## Exercise
Pick out every line of the entries below where "blast" occurs, and copy those lines.

## Dataset content
- - -

lemma incompatibility_breaking_imp_noise_dominates:
  assumes ch: "gaussian_channel N N' A B c" and "gaussian_incompatibility_breaking N N' A B c"
  shows "noise_dominates N A B"
proof -
  have A: "A \<in> carrier_mat (2*N) (2*N')" and B: "B \<in> carrier_mat (2*N') (2*N')"
    using ch by (auto simp: gaussian_channel_def)
  obtain KG LG mG where G: "gaussian_obs N (KG, LG, mG)" and parent:
    "\<forall>E\<in>channel_obs A B c ` {E. gaussian_obs N' E}.
       \<exists>f. gaussian_postproc (dim_col KG) (outdim E) f \<and> obtained_via E (KG, LG, mG) f"
    using assms(2) unfolding gaussian_incompatibility_breaking_def gaussian_compatible_def outdim_def
    by (metis fst_conv prod_cases3)
  define MG where "MG = dim_col KG"
  have KG: "KG \<in> carrier_mat (2*N) MG" and LG: "LG \<in> carrier_mat MG MG"
    and psd_G: "psd (cmat LG - \<i> \<cdot>\<^sub>m cmat (transpose_mat KG * omega N * KG))"
    using G by (auto simp: gaussian_obs_def MG_def Let_def)
  have lift: "\<exists>g\<in>carrier_vec MG. A *\<^sub>v a = KG *\<^sub>v g \<and> bilin LG g g \<le> bilin B a a"
    if a: "a \<in> carrier_vec (2*N')" for a
  proof -
    let ?E = "channel_obs A B c (mat_of_cols (2*N') [a], 0\<^sub>m 1 1, 0\<^sub>v 1)"
    have "?E \<in> channel_obs A B c ` {E. gaussian_obs N' E}" using gaussian_obs_rank_one[OF a] by blast
    moreover have "outdim ?E = 1" by (simp add: outdim_def channel_obs_def)
    ultimately obtain A' B' c' where "gaussian_postproc MG 1 (A', B', c')" "obtained_via ?E (KG, LG, mG) (A', B', c')"
      using parent unfolding MG_def by (metis prod_cases3)
    then show ?thesis by (rule rank_one_channel_obs_lift[OF A B KG LG a])
  qed
  show ?thesis unfolding noise_dominates_iff[OF A B]
  proof (intro ballI conjI)
    fix a b :: "real vec" assume a: "a \<in> carrier_vec (2*N')" and b: "b \<in> carrier_vec (2*N')"
    show "bilin B a b = bilin B b a" by (rule gaussian_channel_noise_symmetric[OF ch a b])
    obtain g where g: "g \<in> carrier_vec MG" "A *\<^sub>v a = KG *\<^sub>v g" "bilin LG g g \<le> bilin B a a"
      using lift[OF a] by blast
    obtain h where h: "h \<in> carrier_vec MG" "A *\<^sub>v b = KG *\<^sub>v h" "bilin LG h h \<le> bilin B b b"
      using lift[OF b] by blast
    have "2 * sympl N (KG *\<^sub>v h) (KG *\<^sub>v g) \<le> bilin LG g g + bilin LG h h"
      using psd_G g(1) h(1) by (simp add: gaussian_obs_psd_iff[OF KG LG])
    with g h show "2 * sympl N (A *\<^sub>v b) (A *\<^sub>v a) \<le> bilin B a a + bilin B b b" by simp
  qed
qed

- - -

## Answer
    have "?E \<in> channel_obs A B c ` {E. gaussian_obs N' E}" using gaussian_obs_rank_one[OF a] by blast
      using lift[OF a] by blast
      using lift[OF b] by blast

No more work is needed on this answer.